[Instructions for the task]: With the records in front of you, set every one of them down exactly.

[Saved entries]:
(* Let $T_1(z),\dots,T_M(z)$ be holomorphic functions in a neighborhood of $0\in\mathbf C$, not all identically zero, and let $q_1,\dots,q_M$ be real numbers. Then there exist a neighborhood $\mathcal O$ of $0$ and a constant $C$ such that $$\Big|\partial_z\partial_{\bar z}\ln\Big(\sum_{l=1}^M\epsilon^{2q_l}|T_l(z)|^2\Big)\Big|\le\frac{C}{|z|^2}$$ for all $z\in\mathcal O\setminus\{0\}$ and all $\epsilon>0$. *)

theory Defs
  imports "HOL-Analysis.Analysis"
begin

definition dx :: "(complex \<Rightarrow> real) \<Rightarrow> complex \<Rightarrow> real" where
  "dx f z = deriv (\<lambda>t. f (z + of_real t)) 0"

definition dy :: "(complex \<Rightarrow> real) \<Rightarrow> complex \<Rightarrow> real" where
  "dy f z = deriv (\<lambda>t. f (z + \<i> * of_real t)) 0"

text \<open>The operator \<open>\<partial>_z \<partial>_{\<bar>z\<bar>} = (1/4)(\<partial>_x\<^sup>2 + \<partial>_y\<^sup>2)\<close> on real-valued functions.\<close>
definition ddbar :: "(complex \<Rightarrow> real) \<Rightarrow> complex \<Rightarrow> real" where
  "ddbar f z = (dx (dx f) z + dy (dy f) z) / 4"

end

theory Submission
  imports Defs "HOL-Complex_Analysis.Complex_Analysis"
begin

text \<open>Write \<open>a l = \<epsilon> powr (2 * q l)\<close> and \<open>F = (\<Sum>l. a l * \<bar>T l\<bar>\<^sup>2)\<close>. Then
  \<open>\<partial>\<^sub>zF = (\<Sum>l. a l * cnj (T l) * T' l)\<close> and \<open>ddbar F = (\<Sum>l. a l * \<bar>T' l\<bar>\<^sup>2)\<close>,
  so \<open>ddbar (ln F) = ddbar F / F - \<bar>\<partial>\<^sub>zF\<bar>\<^sup>2 / F\<^sup>2\<close>, and both terms lie in \<open>[0, X\<^sup>2]\<close> as soon as
  \<open>\<bar>T' l\<bar> \<le> X * \<bar>T l\<bar>\<close> for all \<open>l\<close>, whatever the weights \<open>a l \<ge> 0\<close> are. Near \<open>0\<close> each \<open>T l\<close>
  either vanishes identically or equals \<open>z ^ n * g z\<close> with \<open>g 0 \<noteq> 0\<close>, hence
  \<open>\<bar>z * T' l z\<bar> \<le> K * \<bar>T l z\<bar>\<close> on a punctured disc, and \<open>X = K / \<bar>z\<bar>\<close> gives the bound,
  uniformly in \<open>\<epsilon>\<close>.\<close>

lemma deriv_along_line_eq:
  fixes g :: "complex \<Rightarrow> real"
  assumes "(g has_derivative D) (at w)"
  shows "deriv (\<lambda>t. g (w + of_real t * e)) 0 = D e"
proof -
  have "((\<lambda>t::real. w + of_real t * e) has_derivative (\<lambda>s. of_real s * e)) (at 0)"
    by (auto intro!: derivative_eq_intros)
  from has_derivative_compose[OF this] assms
  have "((\<lambda>t. g (w + of_real t * e)) has_derivative (\<lambda>s. D (of_real s * e))) (at 0)"
    by simp
  moreover have "D (of_real s * e) = s * D e" for s
    using linear_scale[OF has_derivative_linear[OF assms], of s e]
    by (simp add: scaleR_conv_of_real)
  ultimately have "((\<lambda>t. g (w + of_real t * e)) has_real_derivative D e) (at 0)"
    by (simp add: has_field_derivative_def mult_commute_abs)
  then show ?thesis
    by (rule DERIV_imp_deriv)
qed

lemma deriv_along_line_cong:
  fixes g1 g2 :: "complex \<Rightarrow> real"
  assumes "\<forall>\<^sub>F w in nhds z. g1 w = g2 w"
  shows "deriv (\<lambda>t. g1 (z + of_real t * e)) 0 = deriv (\<lambda>t. g2 (z + of_real t * e)) 0"
proof (rule deriv_cong_ev[OF _ refl])
  have "filterlim (\<lambda>t::real. z + of_real t * e) (nhds z) (nhds 0)"
    by (auto intro!: tendsto_eq_intros filterlim_ident)
  then show "\<forall>\<^sub>F t in nhds 0. g1 (z + of_real t * e) = g2 (z + of_real t * e)"
    by (rule eventually_compose_filterlim[OF assms])
qed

[Response for this exercise]:
(* Let $T_1(z),\dots,T_M(z)$ be holomorphic functions in a neighborhood of $0\in\mathbf C$, not all identically zero, and let $q_1,\dots,q_M$ be real numbers. Then there exist a neighborhood $\mathcal O$ of $0$ and a constant $C$ such that $$\Big|\partial_z\partial_{\bar z}\ln\Big(\sum_{l=1}^M\epsilon^{2q_l}|T_l(z)|^2\Big)\Big|\le\frac{C}{|z|^2}$$ for all $z\in\mathcal O\setminus\{0\}$ and all $\epsilon>0$. *)

theory Defs
  imports "HOL-Analysis.Analysis"
begin

definition dx :: "(complex \<Rightarrow> real) \<Rightarrow> complex \<Rightarrow> real" where
  "dx f z = deriv (\<lambda>t. f (z + of_real t)) 0"

definition dy :: "(complex \<Rightarrow> real) \<Rightarrow> complex \<Rightarrow> real" where
  "dy f z = deriv (\<lambda>t. f (z + \<i> * of_real t)) 0"

text \<open>The operator \<open>\<partial>_z \<partial>_{\<bar>z\<bar>} = (1/4)(\<partial>_x\<^sup>2 + \<partial>_y\<^sup>2)\<close> on real-valued functions.\<close>
definition ddbar :: "(complex \<Rightarrow> real) \<Rightarrow> complex \<Rightarrow> real" where
  "ddbar f z = (dx (dx f) z + dy (dy f) z) / 4"

end

theory Submission
  imports Defs "HOL-Complex_Analysis.Complex_Analysis"
begin

text \<open>Write \<open>a l = \<epsilon> powr (2 * q l)\<close> and \<open>F = (\<Sum>l. a l * \<bar>T l\<bar>\<^sup>2)\<close>. Then
  \<open>\<partial>\<^sub>zF = (\<Sum>l. a l * cnj (T l) * T' l)\<close> and \<open>ddbar F = (\<Sum>l. a l * \<bar>T' l\<bar>\<^sup>2)\<close>,
  so \<open>ddbar (ln F) = ddbar F / F - \<bar>\<partial>\<^sub>zF\<bar>\<^sup>2 / F\<^sup>2\<close>, and both terms lie in \<open>[0, X\<^sup>2]\<close> as soon as
  \<open>\<bar>T' l\<bar> \<le> X * \<bar>T l\<bar>\<close> for all \<open>l\<close>, whatever the weights \<open>a l \<ge> 0\<close> are. Near \<open>0\<close> each \<open>T l\<close>
  either vanishes identically or equals \<open>z ^ n * g z\<close> with \<open>g 0 \<noteq> 0\<close>, hence
  \<open>\<bar>z * T' l z\<bar> \<le> K * \<bar>T l z\<bar>\<close> on a punctured disc, and \<open>X = K / \<bar>z\<bar>\<close> gives the bound,
  uniformly in \<open>\<epsilon>\<close>.\<close>

lemma deriv_along_line_eq:
  fixes g :: "complex \<Rightarrow> real"
  assumes "(g has_derivative D) (at w)"
  shows "deriv (\<lambda>t. g (w + of_real t * e)) 0 = D e"
proof -
  have "((\<lambda>t::real. w + of_real t * e) has_derivative (\<lambda>s. of_real s * e)) (at 0)"
    by (auto intro!: derivative_eq_intros)
  from has_derivative_compose[OF this] assms
  have "((\<lambda>t. g (w + of_real t * e)) has_derivative (\<lambda>s. D (of_real s * e))) (at 0)"
    by simp
  moreover have "D (of_real s * e) = s * D e" for s
    using linear_scale[OF has_derivative_linear[OF assms], of s e]
    by (simp add: scaleR_conv_of_real)
  ultimately have "((\<lambda>t. g (w + of_real t * e)) has_real_derivative D e) (at 0)"
    by (simp add: has_field_derivative_def mult_commute_abs)
  then show ?thesis
    by (rule DERIV_imp_deriv)
qed

lemma deriv_along_line_cong:
  fixes g1 g2 :: "complex \<Rightarrow> real"
  assumes "\<forall>\<^sub>F w in nhds z. g1 w = g2 w"
  shows "deriv (\<lambda>t. g1 (z + of_real t * e)) 0 = deriv (\<lambda>t. g2 (z + of_real t * e)) 0"
proof (rule deriv_cong_ev[OF _ refl])
  have "filterlim (\<lambda>t::real. z + of_real t * e) (nhds z) (nhds 0)"
    by (auto intro!: tendsto_eq_intros filterlim_ident)
  then show "\<forall>\<^sub>F t in nhds 0. g1 (z + of_real t * e) = g2 (z + of_real t * e)"
    by (rule eventually_compose_filterlim[OF assms])
qed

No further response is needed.